No. The problems involved are fundamental:

1) Load/store latency is unpredictable - whenever you get a cache miss (which is unpredictable*), you have to wait for the value to come back from main memory (which is getting longer and longer as CPUs get faster and memory latency roughly stays the same). Statically scheduling around this sort of unpredictable latency is extremely difficult; you're better off doing it on the fly.

2) Modern algorithms for branch prediction and speculative execution are dynamic. They can make observations like "this branch has been taken 15/16 of the last times we've hit it, we'll predict it's taken the next time" which are potentially workload-dependent. Compile-time optimization can't do that.

*: if you could reliably predict when the cache would miss, you'd use that to make a better cache replacement algorithm

brucehoult 4 days ago | parent [-]

> this branch has been taken 15/16 of the last times we've hit it

That is kind of how it worked more than 30 years ago (pre 1995), but not since, at least in OoO CPUs.
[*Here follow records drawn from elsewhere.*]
(* Let $A$ be a real $B\times N'$ matrix of rank $r\ge1$ with nonzero singular values $\sigma_1\ge\sigma_2\ge\dots\ge\sigma_r$, all lying in $(0,1]$, left singular vectors $\boldsymbol\xi_j\in\mathbb{R}^B$ and right singular vectors $\hat{\boldsymbol\xi}_j\in\mathbb{R}^{N'}$ (orthonormal, $A\hat{\boldsymbol\xi}_j=\sigma_j\boldsymbol\xi_j$, $A^T\boldsymbol\xi_j=\sigma_j\hat{\boldsymbol\xi}_j$). Let $\boldsymbol b=\sum_{j=1}^r b_j\boldsymbol\xi_j$ and $\boldsymbol b^\delta=\sum_{j=1}^r b^\delta_j\boldsymbol\xi_j$ lie in the range of $A$, let $\boldsymbol x=\sum_{j=1}^r \frac{b_j}{\sigma_j}\hat{\boldsymbol\xi}_j$ be the minimal-norm solution of $A\boldsymbol x=\boldsymbol b$, and for a filter function $\phi(s,\alpha)$ let $$\boldsymbol x^{\alpha,\delta}=\sum_{j=1}^r b_j^\delta\frac{\phi(\sigma_j,\alpha)}{\sigma_j}\hat{\boldsymbol\xi}_j.$$ Let $f:[0,\infty)\to(0,1]$ be continuous and strictly decreasing with $f(0)=1$, $f(j)=\sigma_j$ for $j=1,\dots,r$, and $f(t)\to0$ as $t\to\infty$, and assume that, for the fixed $\alpha>0$, the functions $t\mapsto|1-\phi(f(t),\alpha)|$ and $t\mapsto|\phi(f(t),\alpha)|/f(t)$ are nondecreasing on $[0,r+1]$. Then for every $p\in[1,\infty)$ there is a constant $C_1$, depending only on $p$ and on the matrix $A$ (through its dimensions and singular vectors), and not on $\alpha,\phi,\boldsymbol b,\boldsymbol b^\delta$, such that $$\|\boldsymbol x-\boldsymbol x^{\alpha,\delta}\|_p\le C_1\|\boldsymbol x\|_\infty\,\|1-\phi(f(\cdot),\alpha)\|_{L^p(0,r+1)}+C_1\|\boldsymbol b-\boldsymbol b^\delta\|_\infty\,\|\phi(f(\cdot),\alpha)\,f(\cdot)^{-1}\|_{L^p(0,r+1)}.$$
   Context: Filtered linear regularization of the ill-conditioned linear system $A\boldsymbol x=\boldsymbol b$ arising from discretizing a convolution (averaging) operator; $\boldsymbol b^\delta$ is a perturbed right-hand side. $\|\cdot\|_p$ and $\|\cdot\|_\infty$ are vector norms; $\|\cdot\|_{L^p(0,r+1)}$ is the Lebesgue norm of a function of $t\in(0,r+1)$. *)

theory Defs
  imports "HOL-Analysis.Analysis"
begin

definition vec_pnorm :: "real \<Rightarrow> real^'n \<Rightarrow> real" where
  "vec_pnorm p x = (\<Sum>i\<in>UNIV. \<bar>x $ i\<bar> powr p) powr (1 / p)"

definition vec_infnorm :: "real^'n \<Rightarrow> real" where
  "vec_infnorm x = Max (range (\<lambda>i. \<bar>x $ i\<bar>))"

definition Lp_norm_interval :: "real \<Rightarrow> real \<Rightarrow> (real \<Rightarrow> real) \<Rightarrow> real" where
  "Lp_norm_interval p T g = (integral {0..T} (\<lambda>t. \<bar>g t\<bar> powr p)) powr (1 / p)"

end

theory Submission
  imports Defs
begin

text \<open>
  In the orthonormal bases the error has the coefficients
  \<open>x\<^sub>j (1 - \<phi>(\<sigma>\<^sub>j,\<alpha>)) + (b\<^sub>j - b\<^sup>\<delta>\<^sub>j) \<phi>(\<sigma>\<^sub>j,\<alpha>)/\<sigma>\<^sub>j\<close>.
  Since \<open>\<sigma>\<^sub>j = f(j)\<close> and both filter quantities are monotone in \<open>t\<close>, their value at
  \<open>t = j\<close> is bounded by their mean over \<open>[j, j+1] \<subseteq> [0, r+1]\<close>, hence by their
  \<open>L\<^sup>p(0,r+1)\<close> norm. The coefficients \<open>x\<^sub>j\<close> and \<open>b\<^sub>j - b\<^sup>\<delta>\<^sub>j\<close> are inner products with unit
  vectors, hence bounded by dimension times maximum norm, and all vector norms are
  comparable with dimension-dependent constants. Only the orthonormality of the
  singular vectors enters; the singular value relations and the rank are not needed.
\<close>

lemma mono_on_le_integral:
  fixes G :: "real \<Rightarrow> real"
  assumes mono: "mono_on {0..T} G" and nonneg: "\<forall>t\<in>{0..T}. 0 \<le> G t"
    and "0 \<le> a" "a + 1 \<le> T"
  shows "G a \<le> integral {0..T} G"
proof -
  have sub: "{a..a+1} \<subseteq> {0..T}" using assms by auto
  have int_T: "G integrable_on {0..T}" using mono by (rule integrable_on_mono_on)
  have int_a: "G integrable_on {a..a+1}"
    using mono_on_subset[OF mono sub] by (rule integrable_on_mono_on)
  have "G a = integral {a..a+1} (\<lambda>_. G a)" by simp
  also have "\<dots> \<le> integral {a..a+1} G"
    using sub \<open>0 \<le> a\<close> by (intro integral_le int_a integrable_const_ivl mono_onD[OF mono]) auto
  also have "\<dots> \<le> integral {0..T} G"
    by (rule integral_subset_le[OF sub int_a int_T nonneg])
  finally show ?thesis .
qed

lemma abs_le_Lp_norm_interval:
  fixes h :: "real \<Rightarrow> real"
  assumes mono: "mono_on {0..T} (\<lambda>t. \<bar>h t\<bar>)" and "p \<ge> 1" "0 \<le> a" "a + 1 \<le> T"
  shows "\<bar>h a\<bar> \<le> Lp_norm_interval p T h"
proof -
  let ?G = "\<lambda>t. \<bar>h t\<bar> powr p"
  have "mono_on {0..T} ?G"
    using mono \<open>p \<ge> 1\<close> by (auto simp: mono_on_def intro!: powr_mono2)
  then have "?G a \<le> integral {0..T} ?G"
    using assms by (intro mono_on_le_integral) auto
  then have "?G a powr (1/p) \<le> integral {0..T} ?G powr (1/p)"
    using \<open>p \<ge> 1\<close> by (intro powr_mono2) auto
  then show ?thesis
    using \<open>p \<ge> 1\<close> by (simp add: Lp_norm_interval_def powr_powr)
qed

lemma component_le_vec_infnorm: "\<bar>u $ i\<bar> \<le> vec_infnorm u"
  unfolding vec_infnorm_def by (rule Max_ge) auto

lemma vec_infnorm_nonneg: "0 \<le> vec_infnorm u"
  using component_le_vec_infnorm[of u undefined] by linarith

lemma abs_component_le_1_if_unit:
  fixes v :: "real^'k"
  assumes "v \<bullet> v = 1"
  shows "\<bar>v $ i\<bar> \<le> 1"
  using component_le_norm_cart[of v i] assms by (simp add: norm_eq_sqrt_inner)

lemma abs_inner_le_card_vec_infnorm:
  fixes u v :: "real^'k"
  assumes "\<And>i. \<bar>v $ i\<bar> \<le> 1"
  shows "\<bar>u \<bullet> v\<bar> \<le> real CARD('k) * vec_infnorm u"
proof -
  have "\<bar>u \<bullet> v\<bar> \<le> (\<Sum>i\<in>UNIV. \<bar>u $ i * v $ i\<bar>)"
    unfolding inner_vec_def by (simp add: sum_abs)
  also have "\<dots> \<le> (\<Sum>i\<in>(UNIV::'k set). vec_infnorm u)"
  proof (rule sum_mono)
    fix i
    have "\<bar>u $ i\<bar> * \<bar>v $ i\<bar> \<le> \<bar>u $ i\<bar> * 1" using assms[of i] by (intro mult_left_mono) auto
    then show "\<bar>u $ i * v $ i\<bar> \<le> vec_infnorm u"
      using component_le_vec_infnorm[of u i] by (simp add: abs_mult)
  qed
  finally show ?thesis by simp
qed

lemma vec_pnorm_le_card_mult:
  fixes v :: "real^'k"
  assumes bound: "\<And>i. \<bar>v $ i\<bar> \<le> c" and "p \<ge> 1"
  shows "vec_pnorm p v \<le> real CARD('k) * c"
proof -
  have "0 \<le> c" using bound[of undefined] by linarith
  have card: "1 \<le> real CARD('k)" by (simp add: Suc_leI)
  have "(\<Sum>i\<in>UNIV. \<bar>v $ i\<bar> powr p) \<le> (\<Sum>i\<in>(UNIV::'k set). c powr p)"
    using assms by (intro sum_mono powr_mono2) auto
  then have "vec_pnorm p v \<le> (real CARD('k) * c powr p) powr (1/p)"
    unfolding vec_pnorm_def using \<open>p \<ge> 1\<close> by (intro powr_mono2) (auto intro!: sum_nonneg)
  also have "\<dots> = real CARD('k) powr (1/p) * c"
    using \<open>p \<ge> 1\<close> \<open>0 \<le> c\<close> by (simp add: powr_mult powr_powr)
  also have "\<dots> \<le> real CARD('k) powr 1 * c"
    using card \<open>p \<ge> 1\<close> \<open>0 \<le> c\<close> by (intro mult_right_mono powr_mono) auto
  finally show ?thesis using card by simp
qed

lemma inner_sum_orthonormal:
  fixes v :: "'i \<Rightarrow> 'a::real_inner"
  assumes "finite S" "j \<in> S"
    and orth: "\<And>i k. i \<in> S \<Longrightarrow> k \<in> S \<Longrightarrow> v i \<bullet> v k = (if i = k then 1 else 0)"
  shows "(\<Sum>k\<in>S. c k *\<^sub>R v k) \<bullet> v j = c j"
proof -
  have "(\<Sum>k\<in>S. c k *\<^sub>R v k) \<bullet> v j = (\<Sum>k\<in>S. if k = j then c k else 0)"
    unfolding inner_sum_left using \<open>j \<in> S\<close> by (intro sum.cong) (auto simp: orth)
  then show ?thesis using assms by simp
qed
In fact it was found that having more than a 2-bit saturating counter doesn't help, because when the situation changes it takes too many bad predictions in a row to get to predictions that, actually, this branch is not being taken any more.

What both the Pentium Pro and PowerPC 604 (the first OoO designs in each family) had was a global history of how you GOT TO the current branch. The Pentium Pro had 4 bits of taken/not taken history for the last four conditional branches and this was used to decide which 2-bit counter to use for a given branch instruction. The PowerPC 604 used 6 bits of history. The Pentium Pro algorithm for combing the branch address with the history (XOR them!) is called "gshare". The PPC604 did something a little bit different but I'm not sure what. By the PPC750 Motorola was using basically the same gshare algorithm as Intel.

There are newer and better algorithms today -- exactly what is somewhat secret in leading edge CPUs -- but gshare is simple and is common in low end in-order and small OoO CPUs to this day. The Berkeley BOOM core uses a 13 bit branch history. I think early SiFive in-order cores such as the E31 and U54 used 10 bits.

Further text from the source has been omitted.